* _Problem statement_
Below are some records. Say how many of their lines include the string "forall", giving only the number.

Listed records section start

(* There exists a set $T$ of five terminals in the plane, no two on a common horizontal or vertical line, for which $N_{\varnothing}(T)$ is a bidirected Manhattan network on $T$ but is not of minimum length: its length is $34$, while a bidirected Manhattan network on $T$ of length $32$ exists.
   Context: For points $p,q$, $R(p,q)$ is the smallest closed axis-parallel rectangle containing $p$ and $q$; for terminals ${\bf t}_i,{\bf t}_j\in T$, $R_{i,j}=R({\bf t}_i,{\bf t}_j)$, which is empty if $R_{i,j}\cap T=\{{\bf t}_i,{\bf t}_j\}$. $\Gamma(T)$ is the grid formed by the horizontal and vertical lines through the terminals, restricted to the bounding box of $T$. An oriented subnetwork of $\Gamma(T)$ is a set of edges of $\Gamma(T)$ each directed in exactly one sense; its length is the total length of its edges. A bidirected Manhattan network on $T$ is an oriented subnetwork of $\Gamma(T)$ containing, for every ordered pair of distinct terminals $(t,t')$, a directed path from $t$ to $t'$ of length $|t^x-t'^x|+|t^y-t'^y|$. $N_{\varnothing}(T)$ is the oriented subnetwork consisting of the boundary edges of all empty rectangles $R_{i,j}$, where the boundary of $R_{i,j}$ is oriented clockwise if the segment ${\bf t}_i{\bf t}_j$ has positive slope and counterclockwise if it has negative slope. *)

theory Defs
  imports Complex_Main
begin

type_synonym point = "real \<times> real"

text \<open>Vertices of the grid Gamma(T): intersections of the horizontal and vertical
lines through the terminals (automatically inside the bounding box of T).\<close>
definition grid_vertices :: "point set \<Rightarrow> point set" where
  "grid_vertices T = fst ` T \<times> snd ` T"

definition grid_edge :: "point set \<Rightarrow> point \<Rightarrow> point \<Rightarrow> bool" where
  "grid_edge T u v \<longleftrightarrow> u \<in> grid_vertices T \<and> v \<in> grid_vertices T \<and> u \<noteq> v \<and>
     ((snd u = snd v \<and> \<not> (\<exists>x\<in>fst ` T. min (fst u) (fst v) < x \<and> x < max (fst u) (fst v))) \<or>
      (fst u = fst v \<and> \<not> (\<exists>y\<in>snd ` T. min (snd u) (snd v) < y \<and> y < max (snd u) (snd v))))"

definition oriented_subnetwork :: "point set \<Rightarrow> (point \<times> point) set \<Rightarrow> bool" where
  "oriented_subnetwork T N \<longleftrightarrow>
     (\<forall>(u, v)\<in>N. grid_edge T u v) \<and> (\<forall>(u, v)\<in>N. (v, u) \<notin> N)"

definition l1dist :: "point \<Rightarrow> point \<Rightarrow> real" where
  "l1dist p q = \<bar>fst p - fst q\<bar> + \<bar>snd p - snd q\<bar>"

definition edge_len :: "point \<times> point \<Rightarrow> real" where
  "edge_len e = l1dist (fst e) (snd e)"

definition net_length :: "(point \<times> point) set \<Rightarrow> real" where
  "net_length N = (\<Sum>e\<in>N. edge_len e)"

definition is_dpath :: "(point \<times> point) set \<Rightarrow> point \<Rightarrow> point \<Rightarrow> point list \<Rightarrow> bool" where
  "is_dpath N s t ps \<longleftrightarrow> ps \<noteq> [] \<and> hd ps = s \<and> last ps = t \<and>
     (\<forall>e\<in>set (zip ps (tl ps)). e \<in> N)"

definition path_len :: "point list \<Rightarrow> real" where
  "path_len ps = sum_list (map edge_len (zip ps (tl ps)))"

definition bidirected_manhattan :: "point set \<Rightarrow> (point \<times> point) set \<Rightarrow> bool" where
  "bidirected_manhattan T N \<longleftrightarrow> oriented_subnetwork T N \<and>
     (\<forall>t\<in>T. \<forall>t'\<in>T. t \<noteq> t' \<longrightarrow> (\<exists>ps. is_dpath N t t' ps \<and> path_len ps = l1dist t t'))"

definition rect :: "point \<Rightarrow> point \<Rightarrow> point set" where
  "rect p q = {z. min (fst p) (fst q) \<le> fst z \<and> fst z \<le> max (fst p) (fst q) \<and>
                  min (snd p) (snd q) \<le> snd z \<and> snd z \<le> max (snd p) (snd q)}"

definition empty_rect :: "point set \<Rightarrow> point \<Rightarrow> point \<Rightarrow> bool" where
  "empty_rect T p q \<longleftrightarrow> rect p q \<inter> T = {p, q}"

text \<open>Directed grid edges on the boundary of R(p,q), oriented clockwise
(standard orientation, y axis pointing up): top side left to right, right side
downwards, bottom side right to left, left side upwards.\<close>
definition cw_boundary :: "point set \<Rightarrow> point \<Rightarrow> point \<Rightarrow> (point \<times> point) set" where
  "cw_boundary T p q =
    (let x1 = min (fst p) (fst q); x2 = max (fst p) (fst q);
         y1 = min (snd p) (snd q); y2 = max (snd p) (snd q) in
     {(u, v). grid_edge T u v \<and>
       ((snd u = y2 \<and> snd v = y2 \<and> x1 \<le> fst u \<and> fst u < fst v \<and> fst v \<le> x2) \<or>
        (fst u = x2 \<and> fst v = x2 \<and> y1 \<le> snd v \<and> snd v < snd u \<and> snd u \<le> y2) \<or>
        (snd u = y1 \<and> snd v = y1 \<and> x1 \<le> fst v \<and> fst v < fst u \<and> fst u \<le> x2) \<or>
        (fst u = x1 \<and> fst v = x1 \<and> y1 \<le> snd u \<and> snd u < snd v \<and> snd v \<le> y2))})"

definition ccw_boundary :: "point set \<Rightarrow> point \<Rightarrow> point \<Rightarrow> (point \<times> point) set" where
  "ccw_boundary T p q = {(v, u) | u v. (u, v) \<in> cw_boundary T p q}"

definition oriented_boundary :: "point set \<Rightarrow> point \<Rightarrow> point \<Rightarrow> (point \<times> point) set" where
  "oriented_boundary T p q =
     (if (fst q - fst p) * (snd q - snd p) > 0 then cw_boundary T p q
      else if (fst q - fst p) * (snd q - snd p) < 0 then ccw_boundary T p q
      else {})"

Listed records section end

* _Expected answer_
3